Healthcare financing
I. What is healthcare financing?
Healthcare financing encompasses both patient financing (helping consumers pay for medical expenses) and provider financing (helping healthcare organizations fund operations and growth). The market addresses a significant affordability crisis with roughly 100 million Americans that carry healthcare debt, creating demand for financing solutions that work differently than general consumer lending.
The regulatory complexity runs deeper, reimbursement cycles create unique cash flow challenges, and point-of-sale decisioning happens in medical offices rather than bank branches.
II. What makes patient financing operationally complex?
Point-of-sale decisioning creates unique operational pressure. Patients apply for financing during check-in or checkout, expecting instant approval decisions while standing at the reception desk. This requires real-time underwriting automation and APIs integrated directly into medical practice management systems. Modern solutions like Loan on Card can provision funds instantly to mobile wallets at the point of sale.
For specialized treatments like fertility care, where costs often exceed $20,000, flexible payment structures aren't optional. Different financing models serve different needs:
Revolving healthcare credit cards. CareCredit operates across hundreds of thousands of provider locations using deferred interest promotions—pay the balance in full by the promo period end, or face retroactive interest from the purchase date. This model offers network-wide acceptance but comes with higher merchant fees.
Fixed installment plans. Platforms like Cherry offer true 0% APR options (no deferred interest traps) with soft credit checks and practice-specific approvals. Installment loan structures provide predictable payments for both patients and providers.
Buy now, pay later. Affirm and others bring BNPL structures to healthcare, splitting larger bills into smaller installments with transparent terms.
Collection rates reveal the challenge. With typical patient balances ranging $1,000-$5,000, providers struggle to collect even half of total patient obligations. Evolving state-level medical debt reporting restrictions further complicate underwriting strategies.
III. How does provider financing work?
Medical equipment financing helps healthcare providers acquire costly devices like CT scanners, MRI machines, and X-ray systems, using the equipment itself as collateral. These capital investments can run into six figures per unit.
Practice loans fund expansions, partner buy-ins and buy-outs, and general working capital needs. Delayed insurance reimbursements from Medicare and Medicaid create persistent cash flow gaps that lines of credit help bridge for short-term payroll and supplies.

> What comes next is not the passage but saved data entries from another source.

lemma resolving_set_self:
  assumes "\<forall>u\<in>V. \<forall>w\<in>V. \<exists>n. walk_of_len E n u w"
  shows "resolving_set V E V"
  unfolding resolving_set_def
proof (intro conjI ballI impI subset_refl)
  fix u w assume "u \<in> V" "w \<in> V" "u \<noteq> w"
  then have "gdist E u u = 0" "gdist E w u \<noteq> 0"
    using assms gdist_eq_0_iff[of E 0 u u] gdist_eq_0_iff[of E _ w u] by auto
  with \<open>u \<in> V\<close> show "\<exists>s\<in>V. gdist E u s \<noteq> gdist E w s" by metis
qed

lemma card_le_pow_metric_dim:
  assumes "finite V" and diam: "\<forall>u\<in>V. \<forall>w\<in>V. \<exists>n\<le>d. walk_of_len E n u w"
  shows "card V \<le> Suc d ^ metric_dim V E"
proof -
  have "resolving_set V E V" using diam by (intro resolving_set_self) blast
  with assms(1) obtain S where S: "finite S" "card S = metric_dim V E" "resolving_set V E S"
    by (rule metric_dim_attained)
  define dist_vector where "dist_vector u = restrict (gdist E u) S" for u
  have "inj_on dist_vector V"
  proof (rule inj_onI, rule ccontr)
    fix u w assume "u \<in> V" "w \<in> V" "dist_vector u = dist_vector w" "u \<noteq> w"
    then show False
      using S(3) unfolding resolving_set_def dist_vector_def by (metis restrict_apply')
  qed
  moreover have "dist_vector ` V \<subseteq> S \<rightarrow>\<^sub>E {..d}"
  proof -
    have "S \<subseteq> V" using S(3) by (simp add: resolving_set_def)
    then have "gdist E u s \<le> d" if "u \<in> V" "s \<in> S" for u s
      using diam that gdist_le[of E _ u s] by (meson le_trans subsetD)
    then show ?thesis by (auto simp: dist_vector_def)
  qed
  ultimately have "card V \<le> card (S \<rightarrow>\<^sub>E {..d})"
    using S(1) by (intro card_inj_on_le) (auto intro: finite_PiE)
  also have "\<dots> = Suc d ^ metric_dim V E" using S(1,2) by (simp add: card_PiE)
  finally show ?thesis .
qed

Employer-sponsored healthcare benefits have emerged as a distinct model. Some platforms offer 0% interest employee financing as wellness programs, though these require significant workflow automation to operate efficiently—without it, administrative complexity quickly overwhelms small teams.
IV. What regulatory challenges affect healthcare financing?
Medical debt reporting creates a patchwork regulatory environment. The CFPB finalized a medical debt rule in January 2025 that would have removed medical debt from credit scores entirely, but a federal court vacated it in July. While the federal rule no longer stands, several states including New York, Colorado, and California maintain their own bans on medical debt reporting. Major credit bureaus have already voluntarily removed paid, small, or recent medical debts. Lenders now face state-by-state variation where underwriting approaches must adapt based on geography.
Price transparency enforcement continues accelerating, with regulators scrutinizing how providers communicate costs and financing options. For many consumers, affordability ranks as the most important factor in their healthcare experience.
Compliance automation has moved from nice-to-have to necessity for navigating state-specific medical debt reporting rules. HIPAA considerations add another layer when patient data flows through financing platforms.
V. What technology do healthcare lenders need?
Point-of-sale integrations require real-time decisioning APIs that connect directly to medical practice management software. Patients expect approval decisions within seconds, not minutes. Flexible payment structures must support promotional financing periods, conditional re-amortization, and true interest-free options alongside traditional amortization.
Merchant portal tools give providers visibility into patient enrollments, payment status, and performance reporting. Robust loan servicing infrastructure handles healthcare-specific requirements like promotional financing mechanics, soft credit check workflows, and regulatory guardrails for medical debt reporting compliance.
Depending on your needs, modern lending platforms should be able to support high-volume patient financing (smaller loan amounts with quick decisioning) and large-scale equipment financing (six-figure purchases with different underwriting requirements) within a single infrastructure.
VI. Bottom line
Healthcare financing represents a growing market with substantial operational complexity. Point-of-sale decisioning requirements, a patchwork of state-level medical debt regulations, and the persistent affordability crisis affecting millions of Americans create challenges that distinguish healthcare lending from other verticals. Technology infrastructure needs to handle both instant approvals for smaller patient loans and structured underwriting for six-figure equipment purchases, requirements that general-purpose lending platforms struggle to support effectively.